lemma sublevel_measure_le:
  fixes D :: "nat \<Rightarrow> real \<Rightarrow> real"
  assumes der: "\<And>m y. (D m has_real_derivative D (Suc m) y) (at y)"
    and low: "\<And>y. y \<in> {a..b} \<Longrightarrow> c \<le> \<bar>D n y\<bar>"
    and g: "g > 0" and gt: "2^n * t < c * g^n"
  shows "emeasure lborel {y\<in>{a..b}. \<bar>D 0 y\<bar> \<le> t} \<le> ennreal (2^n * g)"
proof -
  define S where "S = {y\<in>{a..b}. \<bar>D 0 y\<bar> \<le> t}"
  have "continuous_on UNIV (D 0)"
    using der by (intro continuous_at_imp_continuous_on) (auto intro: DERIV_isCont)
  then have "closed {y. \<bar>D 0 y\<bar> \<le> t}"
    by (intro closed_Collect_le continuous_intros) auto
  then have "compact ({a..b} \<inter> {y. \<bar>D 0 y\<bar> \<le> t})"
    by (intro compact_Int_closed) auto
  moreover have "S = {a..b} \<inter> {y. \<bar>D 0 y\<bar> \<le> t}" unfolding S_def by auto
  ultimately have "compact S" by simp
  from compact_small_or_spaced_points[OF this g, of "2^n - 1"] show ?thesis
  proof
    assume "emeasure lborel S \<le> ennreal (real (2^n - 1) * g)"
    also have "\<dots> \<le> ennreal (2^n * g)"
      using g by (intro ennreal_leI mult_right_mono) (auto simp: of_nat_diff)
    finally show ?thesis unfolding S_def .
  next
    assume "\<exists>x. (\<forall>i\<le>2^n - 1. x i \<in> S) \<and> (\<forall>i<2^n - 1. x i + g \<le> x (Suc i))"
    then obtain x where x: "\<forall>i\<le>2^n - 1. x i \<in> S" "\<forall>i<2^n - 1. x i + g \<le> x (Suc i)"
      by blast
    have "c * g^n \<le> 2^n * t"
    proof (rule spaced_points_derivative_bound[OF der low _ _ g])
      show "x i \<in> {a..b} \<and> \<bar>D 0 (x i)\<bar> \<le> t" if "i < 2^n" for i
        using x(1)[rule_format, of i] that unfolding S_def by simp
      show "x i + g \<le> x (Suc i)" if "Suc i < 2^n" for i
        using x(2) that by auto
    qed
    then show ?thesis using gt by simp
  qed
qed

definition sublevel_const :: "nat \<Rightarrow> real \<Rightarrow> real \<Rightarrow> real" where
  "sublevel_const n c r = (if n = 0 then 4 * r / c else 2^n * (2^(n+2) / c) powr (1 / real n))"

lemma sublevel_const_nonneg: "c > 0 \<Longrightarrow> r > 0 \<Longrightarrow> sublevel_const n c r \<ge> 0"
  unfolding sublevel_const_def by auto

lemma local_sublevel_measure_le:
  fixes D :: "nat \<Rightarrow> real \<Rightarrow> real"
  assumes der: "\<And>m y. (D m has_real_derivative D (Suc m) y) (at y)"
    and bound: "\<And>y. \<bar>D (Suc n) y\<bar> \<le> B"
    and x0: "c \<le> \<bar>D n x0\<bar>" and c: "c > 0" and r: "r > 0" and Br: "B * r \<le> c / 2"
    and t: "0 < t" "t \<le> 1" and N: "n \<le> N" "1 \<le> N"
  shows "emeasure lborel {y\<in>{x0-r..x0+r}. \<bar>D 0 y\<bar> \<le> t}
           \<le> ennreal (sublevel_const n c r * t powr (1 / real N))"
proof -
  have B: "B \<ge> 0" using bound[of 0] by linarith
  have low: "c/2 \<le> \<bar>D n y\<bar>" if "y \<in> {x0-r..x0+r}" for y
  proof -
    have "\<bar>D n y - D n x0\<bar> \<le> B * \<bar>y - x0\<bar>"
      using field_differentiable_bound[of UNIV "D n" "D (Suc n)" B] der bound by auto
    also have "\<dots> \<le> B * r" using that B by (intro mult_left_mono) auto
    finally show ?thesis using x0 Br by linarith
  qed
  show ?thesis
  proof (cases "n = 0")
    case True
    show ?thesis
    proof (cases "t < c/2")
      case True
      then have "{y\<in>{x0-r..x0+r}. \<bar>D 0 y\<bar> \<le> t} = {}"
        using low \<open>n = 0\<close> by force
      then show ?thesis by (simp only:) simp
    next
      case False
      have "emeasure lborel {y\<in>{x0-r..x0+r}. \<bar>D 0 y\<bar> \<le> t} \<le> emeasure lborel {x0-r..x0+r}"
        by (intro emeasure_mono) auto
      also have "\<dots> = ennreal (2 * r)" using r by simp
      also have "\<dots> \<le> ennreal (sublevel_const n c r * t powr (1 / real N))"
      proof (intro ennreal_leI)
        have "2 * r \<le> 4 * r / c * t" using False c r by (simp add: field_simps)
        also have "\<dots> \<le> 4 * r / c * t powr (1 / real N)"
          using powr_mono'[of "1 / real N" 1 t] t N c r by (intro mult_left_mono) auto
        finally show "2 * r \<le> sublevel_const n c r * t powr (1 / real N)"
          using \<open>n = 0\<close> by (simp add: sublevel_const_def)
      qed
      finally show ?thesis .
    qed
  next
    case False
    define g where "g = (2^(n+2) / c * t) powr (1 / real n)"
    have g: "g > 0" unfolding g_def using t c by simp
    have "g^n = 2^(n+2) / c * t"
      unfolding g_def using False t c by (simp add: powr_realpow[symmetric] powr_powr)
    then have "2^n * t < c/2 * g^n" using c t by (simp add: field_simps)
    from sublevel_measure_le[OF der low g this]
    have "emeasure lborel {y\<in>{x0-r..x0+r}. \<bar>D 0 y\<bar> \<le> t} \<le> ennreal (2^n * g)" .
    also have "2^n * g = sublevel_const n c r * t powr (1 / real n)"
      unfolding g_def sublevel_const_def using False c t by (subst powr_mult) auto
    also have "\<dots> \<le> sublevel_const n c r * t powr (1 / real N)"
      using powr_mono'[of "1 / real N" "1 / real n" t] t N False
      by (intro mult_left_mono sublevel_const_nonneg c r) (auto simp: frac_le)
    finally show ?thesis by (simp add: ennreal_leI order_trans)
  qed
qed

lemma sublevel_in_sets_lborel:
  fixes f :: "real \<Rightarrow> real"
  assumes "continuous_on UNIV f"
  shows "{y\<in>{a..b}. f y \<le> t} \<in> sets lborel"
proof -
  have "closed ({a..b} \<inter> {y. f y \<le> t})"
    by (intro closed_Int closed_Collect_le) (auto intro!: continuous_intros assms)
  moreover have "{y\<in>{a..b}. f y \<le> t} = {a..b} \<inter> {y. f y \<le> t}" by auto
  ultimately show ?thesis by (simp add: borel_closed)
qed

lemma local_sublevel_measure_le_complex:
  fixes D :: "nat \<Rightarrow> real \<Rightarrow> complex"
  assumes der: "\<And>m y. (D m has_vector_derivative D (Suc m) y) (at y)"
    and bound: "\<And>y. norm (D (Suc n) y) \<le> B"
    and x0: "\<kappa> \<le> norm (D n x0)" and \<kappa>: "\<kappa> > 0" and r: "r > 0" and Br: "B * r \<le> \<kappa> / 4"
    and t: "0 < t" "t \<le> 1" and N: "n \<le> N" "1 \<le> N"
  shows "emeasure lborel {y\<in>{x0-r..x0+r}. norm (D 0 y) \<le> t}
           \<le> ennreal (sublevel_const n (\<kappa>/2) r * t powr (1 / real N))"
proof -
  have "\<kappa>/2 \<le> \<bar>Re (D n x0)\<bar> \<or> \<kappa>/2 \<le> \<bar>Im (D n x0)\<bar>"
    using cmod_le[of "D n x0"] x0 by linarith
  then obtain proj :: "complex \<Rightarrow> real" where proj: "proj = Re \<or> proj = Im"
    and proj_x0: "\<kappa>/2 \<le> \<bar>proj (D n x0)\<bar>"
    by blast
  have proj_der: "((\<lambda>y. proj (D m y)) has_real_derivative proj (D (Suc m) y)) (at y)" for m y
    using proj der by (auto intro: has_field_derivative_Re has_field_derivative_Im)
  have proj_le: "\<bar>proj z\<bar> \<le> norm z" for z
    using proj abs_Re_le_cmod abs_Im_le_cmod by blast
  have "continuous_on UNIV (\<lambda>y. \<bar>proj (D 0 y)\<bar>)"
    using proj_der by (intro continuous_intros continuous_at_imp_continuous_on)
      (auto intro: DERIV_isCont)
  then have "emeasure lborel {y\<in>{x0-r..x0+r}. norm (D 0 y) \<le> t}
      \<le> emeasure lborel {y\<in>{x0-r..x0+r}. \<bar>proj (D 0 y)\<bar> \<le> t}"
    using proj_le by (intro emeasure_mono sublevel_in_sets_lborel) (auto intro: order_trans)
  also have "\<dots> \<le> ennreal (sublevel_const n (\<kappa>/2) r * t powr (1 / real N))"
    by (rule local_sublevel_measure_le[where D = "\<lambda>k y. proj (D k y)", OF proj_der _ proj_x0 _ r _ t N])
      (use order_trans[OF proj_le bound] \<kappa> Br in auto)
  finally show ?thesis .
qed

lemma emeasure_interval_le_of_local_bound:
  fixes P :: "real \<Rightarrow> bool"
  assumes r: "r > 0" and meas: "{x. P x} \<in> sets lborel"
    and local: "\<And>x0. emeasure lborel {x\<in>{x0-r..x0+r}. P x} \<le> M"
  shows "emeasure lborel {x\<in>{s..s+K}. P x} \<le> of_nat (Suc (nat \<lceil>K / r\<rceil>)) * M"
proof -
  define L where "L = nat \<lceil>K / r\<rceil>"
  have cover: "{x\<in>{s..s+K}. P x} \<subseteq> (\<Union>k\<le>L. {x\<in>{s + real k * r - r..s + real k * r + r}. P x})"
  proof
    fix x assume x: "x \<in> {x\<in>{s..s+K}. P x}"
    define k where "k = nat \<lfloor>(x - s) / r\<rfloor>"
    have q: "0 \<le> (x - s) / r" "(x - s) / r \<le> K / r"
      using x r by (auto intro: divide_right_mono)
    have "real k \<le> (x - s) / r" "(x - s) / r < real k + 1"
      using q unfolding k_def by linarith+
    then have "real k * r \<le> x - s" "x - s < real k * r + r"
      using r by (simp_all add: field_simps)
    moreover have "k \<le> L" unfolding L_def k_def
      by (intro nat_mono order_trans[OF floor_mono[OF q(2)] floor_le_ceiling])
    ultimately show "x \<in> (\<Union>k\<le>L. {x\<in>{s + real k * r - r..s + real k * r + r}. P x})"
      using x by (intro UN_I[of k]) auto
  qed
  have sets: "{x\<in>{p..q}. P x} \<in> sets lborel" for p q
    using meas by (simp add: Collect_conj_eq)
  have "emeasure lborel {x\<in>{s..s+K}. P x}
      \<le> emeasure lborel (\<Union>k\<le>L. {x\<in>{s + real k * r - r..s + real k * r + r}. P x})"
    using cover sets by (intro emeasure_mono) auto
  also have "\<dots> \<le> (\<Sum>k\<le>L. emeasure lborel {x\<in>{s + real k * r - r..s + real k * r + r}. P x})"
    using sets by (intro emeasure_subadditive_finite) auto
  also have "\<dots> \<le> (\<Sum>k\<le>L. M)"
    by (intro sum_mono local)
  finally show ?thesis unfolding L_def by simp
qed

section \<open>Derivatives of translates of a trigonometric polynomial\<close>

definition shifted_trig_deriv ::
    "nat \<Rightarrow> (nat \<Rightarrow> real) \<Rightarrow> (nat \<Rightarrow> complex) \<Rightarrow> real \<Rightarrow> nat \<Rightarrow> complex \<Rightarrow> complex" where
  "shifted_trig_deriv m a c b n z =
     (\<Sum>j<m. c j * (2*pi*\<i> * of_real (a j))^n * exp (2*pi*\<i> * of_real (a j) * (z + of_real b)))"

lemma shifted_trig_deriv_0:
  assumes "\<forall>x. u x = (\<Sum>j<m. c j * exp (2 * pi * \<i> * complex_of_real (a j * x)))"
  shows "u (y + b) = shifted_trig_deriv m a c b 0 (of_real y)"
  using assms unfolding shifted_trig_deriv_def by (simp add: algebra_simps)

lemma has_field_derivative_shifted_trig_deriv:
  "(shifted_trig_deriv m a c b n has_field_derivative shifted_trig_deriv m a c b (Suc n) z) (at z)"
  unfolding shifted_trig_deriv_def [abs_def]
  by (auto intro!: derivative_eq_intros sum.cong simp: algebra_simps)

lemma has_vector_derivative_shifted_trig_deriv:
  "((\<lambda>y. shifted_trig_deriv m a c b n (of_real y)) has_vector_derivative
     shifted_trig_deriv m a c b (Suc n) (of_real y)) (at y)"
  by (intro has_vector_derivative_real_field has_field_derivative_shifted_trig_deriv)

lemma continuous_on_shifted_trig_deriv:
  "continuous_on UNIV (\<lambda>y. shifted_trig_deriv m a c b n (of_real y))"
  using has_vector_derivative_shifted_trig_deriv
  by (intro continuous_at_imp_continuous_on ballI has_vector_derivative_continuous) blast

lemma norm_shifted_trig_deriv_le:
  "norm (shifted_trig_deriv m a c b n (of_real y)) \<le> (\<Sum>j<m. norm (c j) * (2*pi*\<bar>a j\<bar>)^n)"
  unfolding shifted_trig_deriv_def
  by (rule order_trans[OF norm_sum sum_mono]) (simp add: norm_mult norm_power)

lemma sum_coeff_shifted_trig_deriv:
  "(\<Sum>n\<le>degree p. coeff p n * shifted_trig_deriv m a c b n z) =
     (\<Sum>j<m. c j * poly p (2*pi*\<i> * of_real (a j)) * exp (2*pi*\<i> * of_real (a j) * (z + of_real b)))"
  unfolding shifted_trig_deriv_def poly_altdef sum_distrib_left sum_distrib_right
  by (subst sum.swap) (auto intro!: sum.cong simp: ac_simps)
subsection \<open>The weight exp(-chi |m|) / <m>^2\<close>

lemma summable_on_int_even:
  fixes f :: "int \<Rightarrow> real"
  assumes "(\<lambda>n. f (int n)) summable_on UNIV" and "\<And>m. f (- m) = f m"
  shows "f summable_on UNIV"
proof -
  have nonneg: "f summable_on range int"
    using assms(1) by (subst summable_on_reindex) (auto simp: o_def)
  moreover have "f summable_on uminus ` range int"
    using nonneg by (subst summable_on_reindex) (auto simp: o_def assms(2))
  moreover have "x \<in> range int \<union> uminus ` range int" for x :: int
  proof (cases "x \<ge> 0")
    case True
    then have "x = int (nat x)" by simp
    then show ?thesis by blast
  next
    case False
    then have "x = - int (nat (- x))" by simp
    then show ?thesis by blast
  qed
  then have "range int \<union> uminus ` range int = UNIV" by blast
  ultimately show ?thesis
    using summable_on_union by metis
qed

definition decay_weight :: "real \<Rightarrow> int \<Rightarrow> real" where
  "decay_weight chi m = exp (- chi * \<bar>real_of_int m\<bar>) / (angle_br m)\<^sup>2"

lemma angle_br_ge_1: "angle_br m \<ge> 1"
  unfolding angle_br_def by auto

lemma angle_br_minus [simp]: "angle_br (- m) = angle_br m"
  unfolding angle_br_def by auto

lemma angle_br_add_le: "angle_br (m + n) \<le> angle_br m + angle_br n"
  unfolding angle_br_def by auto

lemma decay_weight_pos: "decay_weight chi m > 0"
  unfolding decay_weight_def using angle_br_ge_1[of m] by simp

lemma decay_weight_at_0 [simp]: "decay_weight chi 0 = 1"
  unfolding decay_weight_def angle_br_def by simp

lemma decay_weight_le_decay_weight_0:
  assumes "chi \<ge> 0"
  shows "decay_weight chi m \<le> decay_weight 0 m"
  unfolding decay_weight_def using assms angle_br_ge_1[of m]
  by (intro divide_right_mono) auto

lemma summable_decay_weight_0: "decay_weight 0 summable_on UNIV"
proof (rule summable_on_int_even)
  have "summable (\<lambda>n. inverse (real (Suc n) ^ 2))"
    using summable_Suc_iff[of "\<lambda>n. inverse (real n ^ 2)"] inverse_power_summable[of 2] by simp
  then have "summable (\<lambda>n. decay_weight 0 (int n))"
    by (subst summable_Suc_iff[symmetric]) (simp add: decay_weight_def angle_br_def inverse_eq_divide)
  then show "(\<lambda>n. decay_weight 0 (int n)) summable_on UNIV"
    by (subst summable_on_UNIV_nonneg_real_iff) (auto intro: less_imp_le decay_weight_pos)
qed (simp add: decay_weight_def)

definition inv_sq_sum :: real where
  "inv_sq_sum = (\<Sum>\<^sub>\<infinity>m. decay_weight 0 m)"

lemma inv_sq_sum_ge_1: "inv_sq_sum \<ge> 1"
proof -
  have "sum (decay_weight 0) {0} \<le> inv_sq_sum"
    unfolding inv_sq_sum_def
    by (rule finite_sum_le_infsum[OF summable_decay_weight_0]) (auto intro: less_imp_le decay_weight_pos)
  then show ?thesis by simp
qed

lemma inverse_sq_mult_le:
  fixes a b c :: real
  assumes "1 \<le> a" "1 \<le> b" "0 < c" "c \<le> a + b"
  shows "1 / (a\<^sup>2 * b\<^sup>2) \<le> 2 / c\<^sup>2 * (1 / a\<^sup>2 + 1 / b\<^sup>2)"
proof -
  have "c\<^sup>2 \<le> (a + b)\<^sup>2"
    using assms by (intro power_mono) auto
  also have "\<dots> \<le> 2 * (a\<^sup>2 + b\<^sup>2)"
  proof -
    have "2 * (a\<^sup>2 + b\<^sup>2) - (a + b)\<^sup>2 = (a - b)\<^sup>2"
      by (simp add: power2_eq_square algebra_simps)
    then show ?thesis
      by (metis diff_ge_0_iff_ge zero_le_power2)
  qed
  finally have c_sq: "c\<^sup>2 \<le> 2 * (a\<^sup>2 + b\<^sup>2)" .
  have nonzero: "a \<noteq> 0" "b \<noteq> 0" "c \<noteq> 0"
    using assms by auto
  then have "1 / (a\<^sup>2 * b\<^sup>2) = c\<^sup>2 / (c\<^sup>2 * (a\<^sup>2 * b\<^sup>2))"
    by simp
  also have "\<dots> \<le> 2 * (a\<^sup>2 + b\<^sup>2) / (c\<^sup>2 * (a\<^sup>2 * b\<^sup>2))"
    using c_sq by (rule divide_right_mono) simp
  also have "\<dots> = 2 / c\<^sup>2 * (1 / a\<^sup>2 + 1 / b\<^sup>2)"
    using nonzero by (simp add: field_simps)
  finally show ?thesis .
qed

## WHAT IS REQUIRED
Only lines containing the word "Longrightarrow" should be copied from the material above.

## ANSWER BOX
    and low: "\<And>y. y \<in> {a..b} \<Longrightarrow> c \<le> \<bar>D n y\<bar>"
lemma sublevel_const_nonneg: "c > 0 \<Longrightarrow> r > 0 \<Longrightarrow> sublevel_const n c r \<ge> 0"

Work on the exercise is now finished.